Chromatography Forum

Hey all,

I've got a problem I can't quite get rid of. I recently inherited a GC and a method and I cannot for the life of me get rid of fronting on a peak. I've cleaned the injection port (replaced the septum, gold seal and washer and liner with new parts), replaced the column with a new one, increased the split ratio to crazy high amounts, and even replaced the FID jet. Here's the method that I'm using.

HP6890
250 C inlet temp
120-320 oven temp @ 25 C/min
HP-5 column (30 m x 0.25 um x 0.32 mm)
split ratio 300:1
H2 carrier gas
FID
goose neck liner

Here are the offending chroms:

[img]http://s616.photobucket.com/albums/tt242/GC_User/?action=view&current=Image001.jpg[/img]

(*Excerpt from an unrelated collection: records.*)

lemma nat_iso_id_iff_sim:
  assumes "\<forall>x\<in>carrier C. H x \<in> carrier C"
  shows "nat_iso C C H id \<longleftrightarrow> (\<forall>x\<in>carrier C. sim C (H x) x)"
proof
  assume "nat_iso C C H id"
  then show "\<forall>x\<in>carrier C. sim C (H x) x"
    using assms unfolding nat_iso_def sim_def by fastforce
next
  assume "\<forall>x\<in>carrier C. sim C (H x) x"
  then have "\<forall>x\<in>carrier C. \<exists>t. invertible C (fst t) \<and> invertible C (snd t) \<and>
      defd C (fst t) (H x) \<and> defd C x (snd t) \<and> mult C (fst t) (H x) = mult C x (snd t)"
    unfolding sim_def by fastforce
  then obtain t where "\<forall>x\<in>carrier C. invertible C (fst (t x)) \<and> invertible C (snd (t x)) \<and>
      defd C (fst (t x)) (H x) \<and> defd C x (snd (t x)) \<and> mult C (fst (t x)) (H x) = mult C x (snd (t x))"
    by (metis bchoice)
  then show "nat_iso C C H id"
    unfolding nat_iso_def by (intro exI [of _ "fst \<circ> t"] exI [of _ "snd \<circ> t"]) simp
qed

lemma tmap_inverse_iff_sim:
  assumes "gen_functor C D F" and "gen_functor D C G"
  shows "(\<forall>X\<in>classes C. tmap D C G (tmap C D F X) = X) \<longleftrightarrow> (\<forall>x\<in>carrier C. sim C (G (F x)) x)"
proof -
  interpret F: gen_functor C D F by fact
  interpret G: gen_functor D C G by fact
  have "tmap D C G (tmap C D F (cls C x)) = cls C x \<longleftrightarrow> sim C (G (F x)) x" if "x \<in> carrier C" for x
    using that by (simp add: F.tmap_cls G.tmap_cls F.C.cls_eq_iff)
  then show ?thesis
    by (auto elim!: classesE intro: cls_in_classes)
qed

lemma tmap_inverse_iff_nat_iso:
  assumes "gen_functor C D F" and "gen_functor D C G"
  shows "(\<forall>X\<in>classes C. tmap D C G (tmap C D F X) = X) \<longleftrightarrow> nat_iso C C (G \<circ> F) id"
proof -
  interpret F: gen_functor C D F by fact
  interpret G: gen_functor D C G by fact
  show ?thesis
    by (simp add: tmap_inverse_iff_sim [OF assms] nat_iso_id_iff_sim)
qed

lemma tilde_iso_if_tmap_inverse:
  assumes F: "gen_functor C D F" and G: "gen_functor D C G"
    and GF: "\<forall>X\<in>classes C. tmap D C G (tmap C D F X) = X"
    and FG: "\<forall>Y\<in>classes D. tmap C D F (tmap D C G Y) = Y"
  shows "tilde_iso C D"
proof -
  interpret F: gen_functor C D F by fact
  interpret G: gen_functor D C G by fact
  have bij: "bij_betw (tmap C D F) (classes C) (classes D)"
    by (rule bij_betw_byWitness [OF GF FG]) (auto intro: F.tmap_classes G.tmap_classes)
  have tprod: "tmap C D F ` tprod_cls C X Y = tprod_cls D (tmap C D F X) (tmap C D F Y)"
    if X: "X \<in> classes C" and Y: "Y \<in> classes C" for X Y
  proof
    show "tmap C D F ` tprod_cls C X Y \<subseteq> tprod_cls D (tmap C D F X) (tmap C D F Y)"
      using X Y by (rule F.tmap_tprod_cls_subset)
    show "tprod_cls D (tmap C D F X) (tmap C D F Y) \<subseteq> tmap C D F ` tprod_cls C X Y"
    proof
      fix Z assume Z: "Z \<in> tprod_cls D (tmap C D F X) (tmap C D F Y)"
      have "tmap D C G Z \<in> tprod_cls C X Y"
        using G.tmap_tprod_cls_subset [OF F.tmap_classes [OF X] F.tmap_classes [OF Y]] Z X Y GF
        by auto
      moreover have "Z \<in> classes D"
        using F.D.tprod_cls_subset_classes [OF classes_subset_carrier classes_subset_carrier,
            OF F.tmap_classes [OF X] F.tmap_classes [OF Y]] Z
        by (rule subsetD)
      ultimately show "Z \<in> tmap C D F ` tprod_cls C X Y"
        using FG by (metis rev_image_eqI)
    qed
  qed
  show ?thesis
    unfolding tilde_iso_def
    by (intro exI [of _ "tmap C D F"] conjI ballI bij F.tmap_tsrc F.tmap_ttgt tprod)
qed

theorem mainTheorem9:
  fixes C :: "'a gcat" and D :: "'b gcat"
  assumes "gencat C" and "gencat D"
  shows "((\<exists>F G. gfunctor C D F \<and> gfunctor D C G \<and>
            (\<forall>X\<in>classes C. tmap D C G (tmap C D F X) = X) \<and>
            (\<forall>Y\<in>classes D. tmap C D F (tmap D C G Y) = Y))
          \<longleftrightarrow>
          (\<exists>F G. gfunctor C D F \<and> gfunctor D C G \<and>
            nat_iso D D (F \<circ> G) id \<and> nat_iso C C (G \<circ> F) id))
       \<and> ((\<exists>F G. gfunctor C D F \<and> gfunctor D C G \<and>
            (\<forall>X\<in>classes C. tmap D C G (tmap C D F X) = X) \<and>
            (\<forall>Y\<in>classes D. tmap C D F (tmap D C G Y) = Y))
          \<longrightarrow> tilde_iso C D)"
proof -
  have functors: "gen_functor C D F" "gen_functor D C G"
    if "gfunctor C D F" "gfunctor D C G" for F G
    using assms that by (simp_all add: gen_functor_def gen_functor_axioms_def gen_category_def)
  show ?thesis
    using functors tmap_inverse_iff_nat_iso tilde_iso_if_tmap_inverse by meson
qed

end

[img]http://s616.photobucket.com/albums/tt242/GC_User/?action=view&current=Image002.jpg[/img]

What is the solvent and do you know what compunds these are?

The solvent is pyridine and the compound is a derivative of a lactam that has been silanized. By the way, are the pictures showing up in the post? I was having internet connection difficulties earlier. I can't speak too much about the compound itself, but I was assured that such peak fronting was not there several months ago. I've only been working on this project for about a week and a half now and the issue came up before I started.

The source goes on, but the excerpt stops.